Uniform near-field nanopatterning due to the field distribution control by oblique femtosecond laser irradiation to silicon and gold nanoparticles

We present near-field optical properties around silicon and gold nanoparticles aligned on a silicon substrate excited by oblique incidence femtosecond laser for nanohole processing. Near-field nanofabrication will open up smart applications for new optical devices with high-throughput processing. The near field around silicon and gold particles is explained by Mie scattering theory, while the near field around gold nanoparticles is explained by plasmon polaritons inside nanoparticles. With gold nanoparticles, theoretical study revealed that the incident laser energy is concentrated into the contact point between the particle and the substrate due to the image charge inside the substrate at any incident angles. With particles with a dielectric constant as high as silicon, the polarized charge shows a similar effect to the plasmon charge. Therefore the distribution of the concentrated energy provided with silicon nanoparticles is similar to that of gold nanoparticle.

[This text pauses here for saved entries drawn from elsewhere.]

(* Let $n\ge 3$ and $f=x^n+a_{n-1}x^{n-1}+\cdots+a_0\in\mathbb{C}[x]$ with roots $r_1,\ldots,r_n$ (with multiplicity). Define the polynomials \[f_1(x,y)=\frac{f(y)-f(x)}{y-x},\qquad f_3(x,y)=\frac{f(y)-2f\left(\frac{x+y}{2}\right)+f(x)}{\frac{(y-x)^2}{2}}.\] Let $D_2=\prod_{1\le i,j,k\le n,\ i<j,\ j\ne k,\ k\ne i}(2r_k-r_i-r_j)$. Then $\operatorname{res}(f,\operatorname{res}(f_1,f_3,y),x)=0$ if and only if $D_2=0$.
   Context: The quotients defining $f_1,f_3$ are polynomials in $x,y$. $\operatorname{res}$ denotes the Sylvester resultant with respect to the indicated variable. *)

theory Defs
  imports Complex_Main "HOL-Computational_Algebra.Polynomial" "Subresultants.Resultant_Prelim"
begin

text \<open>Bivariate polynomials in x,y are represented as \<open>complex poly poly\<close>:
  polynomials in the (outer) variable y whose coefficients are polynomials in x.\<close>

definition var_x :: "complex poly poly" where
  "var_x = [: [:0, 1:] :]"

definition var_y :: "complex poly poly" where
  "var_y = [: 0, 1 :]"

definition in_y :: "complex poly \<Rightarrow> complex poly poly" where
  "in_y f = map_poly (\<lambda>c. [:c:]) f"

definition in_x :: "complex poly \<Rightarrow> complex poly poly" where
  "in_x f = [: f :]"

definition at_mid :: "complex poly \<Rightarrow> complex poly poly" where
  "at_mid f = pcompose (in_y f) (smult [:1/2:] (var_x + var_y))"

definition f1 :: "complex poly \<Rightarrow> complex poly poly" where
  "f1 f = (in_y f - in_x f) div (var_y - var_x)"

text \<open>f_3 = (f(y) - 2 f((x+y)/2) + f(x)) / ((y-x)^2/2)  (exact division).\<close>
definition f3 :: "complex poly \<Rightarrow> complex poly poly" where
  "f3 f = (2 * (in_y f - 2 * at_mid f + in_x f)) div ((var_y - var_x) ^ 2)"

text \<open>D_2 for roots r_0,...,r_{n-1} (0-based indexing).\<close>
definition D2 :: "nat \<Rightarrow> (nat \<Rightarrow> complex) \<Rightarrow> complex" where
  "D2 n r = (\<Prod>(i,j,k)\<in>{(i,j,k). i < n \<and> j < n \<and> k < n \<and> i < j \<and> j \<noteq> k \<and> k \<noteq> i}.
               2 * r k - r i - r j)"

end

theory Submission
  imports Defs "Subresultants.Subresultant_Gcd" "HOL-Computational_Algebra.Field_as_Ring"
    "HOL-Computational_Algebra.Fundamental_Theorem_Algebra"
begin

text \<open>Since f1 and f3 have constant leading coefficients in y, their resultant commutes with
  substituting a root \<open>x = r_k\<close> of f. There f1 becomes the cofactor \<open>f(y)/(y - r_k)\<close>, so the
  inner resultant vanishes iff \<open>f3(r_k, r_i) = 0\<close> for some \<open>i \<noteq> k\<close>. If \<open>r_i \<noteq> r_k\<close>, the defining
  identity of f3 turns this into \<open>f((r_i + r_k)/2) = 0\<close>; if \<open>r_i = r_k\<close>, then \<open>f = (y - r_k)^2 g\<close>
  and \<open>f3(r_k, r_k) = g(r_k)\<close>. Either way the condition is \<open>2 r_j = r_i + r_k\<close> for a third
  index j, i.e. a vanishing factor of D2.\<close>

lemma resultant_eq_0_iff_common_root:
  fixes p q :: "'a :: {alg_closed_field, field_gcd} poly"
  assumes "p \<noteq> 0"
  shows "resultant p q = 0 \<longleftrightarrow> (\<exists>x. poly p x = 0 \<and> poly q x = 0)"
proof -
  have gcd_nonzero: "gcd p q \<noteq> 0" using assms by simp
  have "degree (gcd p q) \<noteq> 0 \<longleftrightarrow> (\<exists>x. poly (gcd p q) x = 0)"
  proof
    assume "degree (gcd p q) \<noteq> 0"
    then show "\<exists>x. poly (gcd p q) x = 0" by (intro alg_closed_imp_poly_has_root) simp
  next
    assume "\<exists>x. poly (gcd p q) x = 0"
    then show "degree (gcd p q) \<noteq> 0"
      using gcd_nonzero by (metis degree_eq_zeroE pCons_0_0 poly_const_conv)
  qed
  moreover have "poly (gcd p q) x = 0 \<longleftrightarrow> poly p x = 0 \<and> poly q x = 0" for x
    by (simp add: poly_eq_0_iff_dvd)
  ultimately show ?thesis by (simp add: resultant_0_gcd)
qed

Nano-surface patterning by femtosecond laser for plasmonic surface optical applications

For plasmonic surface optical applications, localized optical field distribution properties in the vicinity of gold particles on a silicon substrate by backward and forward irradiation are presented. It is technically difficult to fabricate nanostructure on the surface by conventional forward laser incidence to the substrate because gold nanoparticles easily aggregate to form double-layered particle arrays. We calculated enhanced optical field properties in order to pattern the substrate surface only with a template of the bottom-layered particle arrays in case that the backward irradiation of femtosecond laser is used in the system of aggregated double-layered gold nanoparticle arrays. With the backward irradiation, the optical field intensity in the substrate for the double-layered hexagonal arrays is found to be only 30% lower than the mono-layered system. Moreover, near-field cannot be generated with the forward irradiation. As a result, only the backward irradiation scheme is found to be effective for uniform surface nanopatterning at enhanced plasmonic near-field zones.

Nanoprocessing of silicon substrate using surface plasmon polaritons of gold particle and polystyrene particle excited by femtosecond laser

Nanohole processing of silicon substrate using surface plasmon polaritons of nano gold excited by femtosecond laser is described in comparison with the nanohole processing with transparent polystyrene (PS) nanoparticle template. Gold particles with diameters of 40, 80, or 200 nm are spin coated on the substrate, and a 100 fs, 820 nm laser pulse is used to irradiate the samples. The produced holes are analyzed by scanning electron microscopy and atomic force microscopy. A theoretical analysis of the experimental results is conducted by FDTD (Finite Difference Time Domain) simulation. The dependence of the laser fluence and particle size on the nanohole properties is studied. The nanohole profiles correspond to the field distributions on the Si substrate at low fluence region. A highest electric field enhancement factor of about 26 is obtained for gold particles with a diameter of 200 nm.